So we built a chef plugin that would switch the deployment between both sites seamlessly without any downtime. The plugin development was done in two weeks. When I showcased this to the client, at the end of the sprint cycle, he asked “so you only wrote 10 lines of code in two weeks”. I was shocked and amazed. Lesson learnt: Never show code in a business showcase 🙂
Very recently I saw a similar job posted on linkedIn where the requirement was to build an adapter for 10+ cloud backends to solve a multi-cloud deployment problem. Seeing this reminded me of that project 10 years ago and got me thinking, is it really worthwhile to invest time and money in cloud agnostic tools, when you should be focused on running your business. Many SaaS companies indulge in building their own in-house cloud agnostic plugin/adapter/platform/tool to address customers hosted in a variety of clouds. This, although sounds cool and is a dream project for any engineer, often such products end up being operational overheads and end up in monoliths in themselves.
I prefer simple and clean setups, let’s face it, we have had enough tools and platforms. We don’t want another one. We don’t need cloud agnostic tools. What we need is a cloud compatible one. That way we can build cloud agnostic infrastructure designs which can be deployed in any cloud or on-premise with the technologies available.
And if you look at it carefully, every cloud provider does the same. For instance, be it AWS or GCP they use the same Postgres that PostgreSQL has launched. All they do is install, manage and provide apis for us. That’s why you will see the management part differs but the underlying software remains the same.
Every cloud is different, as they should be since they are different business entities. They only try to keep the logical topology similar(not same).
That’s why as a product builder you should focus on choosing technologies that can be supported on most cloud platforms and build a cloud agnostic architecture. That way it can be set up anywhere. This is called portability across providers.
Cloud Agnostic vs. Cloud Portability
While the concept of being cloud agnostic—designing systems to run on any cloud platform—sounds appealing, it can lead to significant overhead and complexity. Developing truly cloud-agnostic applications requires avoiding vendor-specific features and services, which can limit functionality and performance. Instead, focusing on cloud portability—ensuring applications can be moved between cloud providers with minimal friction—can be a more practical approach.
Cloud Portability: A Pragmatic Solution
Investing in cloud portability involves designing applications and infrastructure with the capability to transition smoothly between different cloud environments. This approach balances the benefits of leveraging cloud-specific features with the flexibility to switch providers if necessary. By utilising infrastructure as code (IAC) tools and adhering to best practices, organisations can achieve portability without compromising on functionality.
The Myth of the Perfect Vendor
Honestly, if the vendor is good, I don’t mind locking in. But unfortunately that’s too good to be true. Even the most reputable and reliable vendors can have outages, policy shifts, or pricing changes that negatively impact their customers. Moreover, as organisations grow and evolve, their requirements may change in ways that a single vendor cannot accommodate. Thus, placing complete trust in one vendor is not a viable long-term strategy.
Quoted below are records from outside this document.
(* Let $N\ge2$ and $0\le k\le N$. For complex $\xi_1,\dots,\xi_N$ with $|\xi_i|<1$ for all $i$, \[ \sum_{\sigma\in S_N}\operatorname{sgn}(\sigma)\prod_{j=1}^{k}\Big(\frac{1-\xi_j}{1-\xi_{\sigma(j)}}\Big)^{j-1}\prod_{j=k+1}^{N}\Big(\frac{1-\xi_j}{1-\xi_{\sigma(j)}}\Big)^{j-2}\cdot\frac{\prod_{j=2}^N\xi_{\sigma(j)}^{\,j-1}}{\prod_{m=k+1}^{N}\Big(1-\prod_{l=m}^N\xi_{\sigma(l)}\Big)} =\prod_{i=1}^k(1-\xi_i)\prod_{1\le i<j\le N}\frac{\xi_j-\xi_i}{1-\xi_i}\prod_{i=1}^N\frac{1}{1-\xi_i}, \] where empty products equal $1$. *)

theory Defs
  imports "HOL-Analysis.Analysis" "HOL-Combinatorics.Permutations"
begin

end

theory Submission
  imports Defs "Jordan_Normal_Form.Determinant" "HOL-Computational_Algebra.Polynomial"
begin

text \<open>
  The factors \<open>(1 - \<xi> j) powi e\<close> of the summand do not depend on \<open>\<sigma>\<close>; pulling them
  out leaves an alternating sum \<open>S k\<close> over permutations (\<open>reduced_sum\<close>). For \<open>k \<ge> 1\<close>
  the difference \<open>S (k - 1) - S k\<close> is, term by term, an alternating sum of terms symmetric
  in \<open>\<sigma> k\<close> and \<open>\<sigma> (k + 1)\<close>, which vanishes because composing with the transposition
  of \<open>k\<close> and \<open>k + 1\<close> flips the sign. Hence \<open>S k = S N\<close>; at \<open>k = N\<close> all denominators
  disappear and \<open>S N\<close> is the Vandermonde determinant in the variables \<open>\<xi> i / (1 - \<xi> i)\<close>.
  The hypothesis \<open>norm (\<xi> i) < 1\<close> only keeps the denominators \<open>1 - \<xi> (\<sigma> m) \<cdots> \<xi> (\<sigma> N)\<close>
  away from zero.
\<close>

definition Newton_poly :: "(nat \<Rightarrow> 'a :: comm_ring_1) \<Rightarrow> nat \<Rightarrow> 'a poly" where
  "Newton_poly z j = (\<Prod>l=0..<j. [:- z l, 1:])"

lemma degree_Newton_poly: "degree (Newton_poly (z :: nat \<Rightarrow> 'a :: idom) j) = j"
  unfolding Newton_poly_def by (subst degree_prod_sum_eq) auto

lemma lead_coeff_Newton_poly: "coeff (Newton_poly (z :: nat \<Rightarrow> 'a :: idom) j) j = 1"
  using lead_coeff_prod[of "\<lambda>l. [:- z l, 1:]" "{0..<j}"] degree_Newton_poly[of z j]
  unfolding Newton_poly_def by simp

lemma poly_Newton_poly: "poly (Newton_poly z j) x = (\<Prod>l=0..<j. (x - z l))"
  unfolding Newton_poly_def poly_prod by simp

lemma det_Vandermonde_mat:
  fixes z :: "nat \<Rightarrow> 'a :: idom"
  shows "det (mat n n (\<lambda>(i,j). z i ^ j)) = (\<Prod>i=0..<n. \<Prod>l=0..<i. (z i - z l))"
proof -
  \<comment> \<open>Multiplying by the unitriangular coefficient matrix \<open>U\<close> of the Newton basis makes
    the matrix lower triangular.\<close>
  define A where "A = mat n n (\<lambda>(i,j). z i ^ j)"
  define U where "U = mat n n (\<lambda>(c,j). coeff (Newton_poly z j) c)"
  have A: "A \<in> carrier_mat n n" and U: "U \<in> carrier_mat n n" by (auto simp: A_def U_def)
  have AU: "(A * U) $$ (i,j) = (\<Prod>l=0..<j. (z i - z l))" if "i < n" "j < n" for i j
  proof -
    have "(A * U) $$ (i,j) = (\<Sum>c=0..<n. z i ^ c * coeff (Newton_poly z j) c)"
      using that A U by (simp add: A_def U_def scalar_prod_def row_def col_def)
    also have "\<dots> = (\<Sum>c\<le>degree (Newton_poly z j). coeff (Newton_poly z j) c * z i ^ c)"
      by (subst sum.mono_neutral_right[of "{0..<n}" "{..degree (Newton_poly z j)}"])
         (use that degree_Newton_poly[of z j] in \<open>auto simp: coeff_eq_0 mult.commute\<close>)
    also have "\<dots> = (\<Prod>l=0..<j. (z i - z l))" by (simp add: poly_altdef[symmetric] poly_Newton_poly)
    finally show ?thesis .
  qed
  have "det (A * U) = prod_list (diag_mat (A * U))"
  proof (rule det_lower_triangular[of n])
    fix i j assume "i < j" "j < n"
    then show "(A * U) $$ (i,j) = 0" by (simp add: AU) (auto intro!: prod_zero bexI[of _ i])
  qed (use A U in auto)
  also have "diag_mat (A * U) = map (\<lambda>i. \<Prod>l=0..<i. (z i - z l)) [0..<n]"
    using A U unfolding diag_mat_def by (intro map_cong) (auto simp: AU simp del: index_mult_mat(1))
  finally have det_AU: "det (A * U) = (\<Prod>i=0..<n. \<Prod>l=0..<i. (z i - z l))"
    by (simp add: prod.distinct_set_conv_list[symmetric])
  have "det U = prod_list (diag_mat U)"
    by (rule det_upper_triangular[OF _ U])
       (auto simp: upper_triangular_def U_def coeff_eq_0 degree_Newton_poly)
  also have "diag_mat U = map (\<lambda>i. 1) [0..<n]"
    unfolding diag_mat_def U_def by (intro map_cong) (auto simp: lead_coeff_Newton_poly)
  finally have "det U = 1" by (simp add: prod.distinct_set_conv_list[symmetric])
  then show ?thesis using det_AU det_mult[OF A U] by (simp add: A_def)
qed

lemma Vandermonde_Leibniz_0:
  fixes z :: "nat \<Rightarrow> 'a :: idom"
  shows "(\<Sum>p | p permutes {0..<n}. of_int (sign p) * (\<Prod>i=0..<n. z (p i) ^ i))
       = (\<Prod>i=0..<n. \<Prod>l=0..<i. (z i - z l))"
proof -
  let ?A = "mat n n (\<lambda>(i,j). z i ^ j)"
  have A: "?A \<in> carrier_mat n n" by simp
  have "det ?A = (\<Sum>p | p permutes {0..<n}. of_int (sign p) * (\<Prod>i=0..<n. z (p i) ^ i))"
    by (subst det_transpose[OF A, symmetric], subst det_def'[of _ n])
       (auto simp: permutes_in_image intro!: sum.cong prod.cong)
  then show ?thesis using det_Vandermonde_mat[of n z] by simp
qed

lemma sum_permutes_reindex:
  assumes f: "bij_betw f A B"
  shows "(\<Sum>\<sigma> | \<sigma> permutes B. g \<sigma>) = (\<Sum>p | p permutes A. g (map_permutation A f p))"
proof -
  have f': "bij_betw (inv_into A f) B A" using bij_betw_inv_into[OF f] .
  have "bij_betw (map_permutation A f) {p. p permutes A} {\<sigma>. \<sigma> permutes B}"
  proof (rule bij_betwI[where g="map_permutation B (inv_into A f)"])
    show "map_permutation B (inv_into A f) (map_permutation A f p) = p"
      if "p \<in> {p. p permutes A}" for p
      using that f by (intro map_permutation_compose_inv) (auto simp: bij_betw_def)
    show "map_permutation A f (map_permutation B (inv_into A f) \<sigma>) = \<sigma>"
      if "\<sigma> \<in> {\<sigma>. \<sigma> permutes B}" for \<sigma>
      using that f' f by (intro map_permutation_compose_inv) (auto simp: bij_betw_def f_inv_into_f)
  qed (use map_permutation_permutes f f' in auto)
  then show ?thesis by (rule sum.reindex_bij_betw[symmetric])
qed

lemma Vandermonde_Leibniz:
  fixes y :: "nat \<Rightarrow> 'a :: idom"
  shows "(\<Sum>\<sigma> | \<sigma> permutes {1..N}. of_int (sign \<sigma>) * (\<Prod>j=1..N. y (\<sigma> j) ^ (j - 1)))
       = (\<Prod>j=1..N. \<Prod>i=1..<j. (y j - y i))"
proof -
  have Suc: "bij_betw Suc {0..<N} {1..N}"
    by (rule bij_betwI[where g="\<lambda>x. x - 1"]) auto
  have shift: "(\<Prod>j=1..N. h j) = (\<Prod>i=0..<N. h (Suc i))" for h :: "nat \<Rightarrow> 'a"
    by (rule prod.reindex_bij_betw[OF Suc, symmetric])
  have "(\<Sum>\<sigma> | \<sigma> permutes {1..N}. of_int (sign \<sigma>) * (\<Prod>j=1..N. y (\<sigma> j) ^ (j - 1)))
      = (\<Sum>p | p permutes {0..<N}. of_int (sign p) * (\<Prod>i=0..<N. y (Suc (p i)) ^ i))"
  proof (subst sum_permutes_reindex[OF Suc], intro sum.cong refl)
    fix p assume "p \<in> {p. p permutes {0..<N}}"
    then show "of_int (sign (map_permutation {0..<N} Suc p))
          * (\<Prod>j=1..N. y (map_permutation {0..<N} Suc p j) ^ (j - 1))
        = of_int (sign p) * (\<Prod>i=0..<N. y (Suc (p i)) ^ i)"
      unfolding shift by (simp add: sign_map_permutation map_permutation_apply)
  qed
  also have "\<dots> = (\<Prod>i=0..<N. \<Prod>l=0..<i. (y (Suc i) - y (Suc l)))"
    by (rule Vandermonde_Leibniz_0)
  also have "\<dots> = (\<Prod>j=1..N. \<Prod>i=1..<j. (y j - y i))"
    unfolding shift unfolding One_nat_def prod.atLeast_Suc_lessThan_Suc_shift by (simp add: comp_def)
  finally show ?thesis .
qed

lemma sum_sign_permutes_eq_0_if_transpose_invariant:
  fixes g :: "('b \<Rightarrow> 'b) \<Rightarrow> 'a :: {idom, ring_char_0}"
  assumes "finite S" "a \<in> S" "b \<in> S" "a \<noteq> b"
    and invariant: "\<And>\<sigma>. \<sigma> permutes S \<Longrightarrow> g (\<sigma> \<circ> Transposition.transpose a b) = g \<sigma>"
  shows "(\<Sum>\<sigma> | \<sigma> permutes S. of_int (sign \<sigma>) * g \<sigma>) = 0"
proof -
  have \<tau>: "Transposition.transpose a b permutes S" using assms by (intro permutes_swap_id)
  have sign: "sign (\<sigma> \<circ> Transposition.transpose a b) = - sign \<sigma>" if "\<sigma> permutes S" for \<sigma>
  proof -
    have "permutation \<sigma>" using permutes_imp_permutation[OF assms(1) that] .
    then show ?thesis using assms(4) by (simp add: sign_compose permutation_swap_id sign_swap_id)
  qed
  define X where "X = (\<Sum>\<sigma> | \<sigma> permutes S. of_int (sign \<sigma>) * g \<sigma>)"
  have "X = (\<Sum>\<sigma> | \<sigma> permutes S. of_int (sign (\<sigma> \<circ> Transposition.transpose a b)) * g (\<sigma> \<circ> Transposition.transpose a b))"
    unfolding X_def by (rule sum_permutations_compose_right[OF \<tau>])
  also have "\<dots> = - X"
    unfolding X_def sum_negf[symmetric] by (intro sum.cong) (simp_all add: sign invariant)
  finally show ?thesis unfolding X_def by simp
qed

lemma norm_prod_less_1:
  fixes f :: "'b \<Rightarrow> 'a :: {real_normed_algebra_1, comm_monoid_mult}"
  assumes "finite A" "A \<noteq> {}" "\<And>x. x \<in> A \<Longrightarrow> norm (f x) < 1"
  shows "norm (prod f A) < 1"
proof -
  obtain i where "i \<in> A" using assms(2) by blast
  have "norm (prod f A) \<le> (\<Prod>x\<in>A. norm (f x))" by (rule norm_prod_le)
  also have "\<dots> < (\<Prod>x\<in>A. 1)"
    using \<open>i \<in> A\<close> assms by (intro prod_mono_strict) (auto simp: less_imp_le)
  finally show ?thesis by simp
qed

text \<open>
  \<open>reduced_term \<xi> N k \<sigma>\<close> is the \<open>\<sigma>\<close>-summand of the theorem (without the sign) divided by
  the \<open>\<sigma>\<close>-independent factor \<open>\<Prod>j=1..N. (1 - \<xi> j) powi reduced_exponent k j\<close>.
\<close>

definition reduced_exponent :: "nat \<Rightarrow> nat \<Rightarrow> int" where
  "reduced_exponent k j = (if j \<le> k then int j - 1 else int j - 2)"

definition tail_prod :: "(nat \<Rightarrow> 'a :: comm_monoid_mult) \<Rightarrow> nat \<Rightarrow> (nat \<Rightarrow> nat) \<Rightarrow> nat \<Rightarrow> 'a" where
  "tail_prod \<xi> N \<sigma> m = (\<Prod>l=m..N. \<xi> (\<sigma> l))"

definition tail_denominator :: "(nat \<Rightarrow> 'a :: comm_ring_1) \<Rightarrow> nat \<Rightarrow> nat \<Rightarrow> (nat \<Rightarrow> nat) \<Rightarrow> 'a" where
  "tail_denominator \<xi> N k \<sigma> = (\<Prod>m=k+1..N. (1 - tail_prod \<xi> N \<sigma> m))"

definition reduced_numerator :: "(nat \<Rightarrow> 'a :: field) \<Rightarrow> nat \<Rightarrow> nat \<Rightarrow> (nat \<Rightarrow> nat) \<Rightarrow> 'a" where
  "reduced_numerator \<xi> N k \<sigma> =
     (\<Prod>j=1..N. (1 / (1 - \<xi> (\<sigma> j))) powi reduced_exponent k j * \<xi> (\<sigma> j) ^ (j - 1))"

definition reduced_term :: "(nat \<Rightarrow> 'a :: field) \<Rightarrow> nat \<Rightarrow> nat \<Rightarrow> (nat \<Rightarrow> nat) \<Rightarrow> 'a" where
  "reduced_term \<xi> N k \<sigma> = reduced_numerator \<xi> N k \<sigma> / tail_denominator \<xi> N k \<sigma>"

definition reduced_sum :: "(nat \<Rightarrow> 'a :: field) \<Rightarrow> nat \<Rightarrow> nat \<Rightarrow> 'a" where
  "reduced_sum \<xi> N k = (\<Sum>\<sigma> | \<sigma> permutes {1..N}. of_int (sign \<sigma>) * reduced_term \<xi> N k \<sigma>)"

text \<open>
  The extra factor \<open>x\<close> at \<open>j = k\<close> makes \<open>swap_factor k k = swap_factor k (k + 1)\<close>, so
  \<open>swap_term\<close> is invariant under exchanging \<open>\<sigma> k\<close> and \<open>\<sigma> (k + 1)\<close>.
\<close>

definition swap_factor :: "nat \<Rightarrow> nat \<Rightarrow> 'a :: field \<Rightarrow> 'a" where
  "swap_factor k j x = (1 / (1 - x)) powi reduced_exponent k j * x ^ (j - 1) * (if j = k then x else 1)"

definition swap_term :: "(nat \<Rightarrow> 'a :: field) \<Rightarrow> nat \<Rightarrow> nat \<Rightarrow> (nat \<Rightarrow> nat) \<Rightarrow> 'a" where
  "swap_term \<xi> N k \<sigma> =
     (\<Prod>j=1..N. swap_factor k j (\<xi> (\<sigma> j))) / ((1 - tail_prod \<xi> N \<sigma> k) * tail_denominator \<xi> N (k+1) \<sigma>)"

lemma tail_prod_Suc: "m \<le> N \<Longrightarrow> tail_prod \<xi> N \<sigma> m = \<xi> (\<sigma> m) * tail_prod \<xi> N \<sigma> (Suc m)"
  unfolding tail_prod_def by (simp add: prod.atLeast_Suc_atMost)

lemma tail_denominator_Suc:
  "k < N \<Longrightarrow> tail_denominator \<xi> N k \<sigma> = (1 - tail_prod \<xi> N \<sigma> (Suc k)) * tail_denominator \<xi> N (Suc k) \<sigma>"
  unfolding tail_denominator_def by (simp add: prod.atLeast_Suc_atMost)

lemma reduced_numerator_pred:
  fixes \<xi> :: "nat \<Rightarrow> 'a :: field"
  assumes "k \<in> {1..N}" "1 - \<xi> (\<sigma> k) \<noteq> 0"
  shows "reduced_numerator \<xi> N (k-1) \<sigma> = reduced_numerator \<xi> N k \<sigma> * (1 - \<xi> (\<sigma> k))"
proof -
  have "(1 / (1 - \<xi> (\<sigma> j))) powi reduced_exponent (k-1) j
      = (1 / (1 - \<xi> (\<sigma> j))) powi reduced_exponent k j * (if j = k then 1 - \<xi> (\<sigma> k) else 1)" for j
  proof (cases "j = k")
    case True
    then have "reduced_exponent (k-1) j = reduced_exponent k j - 1"
      using assms(1) by (auto simp: reduced_exponent_def)
    then show ?thesis using True assms(2) by (simp add: power_int_diff)
  qed (auto simp: reduced_exponent_def)
  then show ?thesis
    unfolding reduced_numerator_def using assms(1) by (simp add: prod.distrib ac_simps)
qed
For example: many startups have recently migrated from AWS to GCP for very simple pricing reasons. AWS prices at an hourly rate while GCP gives a per second pricing. Plus with longer commitments the discount offered can be as much as 30% compared to AWS. Such pricing is very lucrative for startups who are scaling and have to also achieve higher ROI.
At the same time I have seen migration from GCP to AWS for higher supportive and mature service offerings.
Transitioning from one cloud provider to another can be a daunting task, but it is entirely feasible with the right strategy and tools. While some organizations struggle with migrations for extended periods, a well-planned and executed approach can significantly reduce this timeframe. My experience in migrating a live banking system from AWS to Google Cloud Platform (GCP) in just four months exemplifies this.
The key to a successful migration lies in meticulous planning and robust IAC practices. By writing IAC correctly, organisations can define and manage infrastructure in a consistent and reproducible manner. This not only simplifies the migration process but also ensures that infrastructure can be quickly rebuilt in a new environment.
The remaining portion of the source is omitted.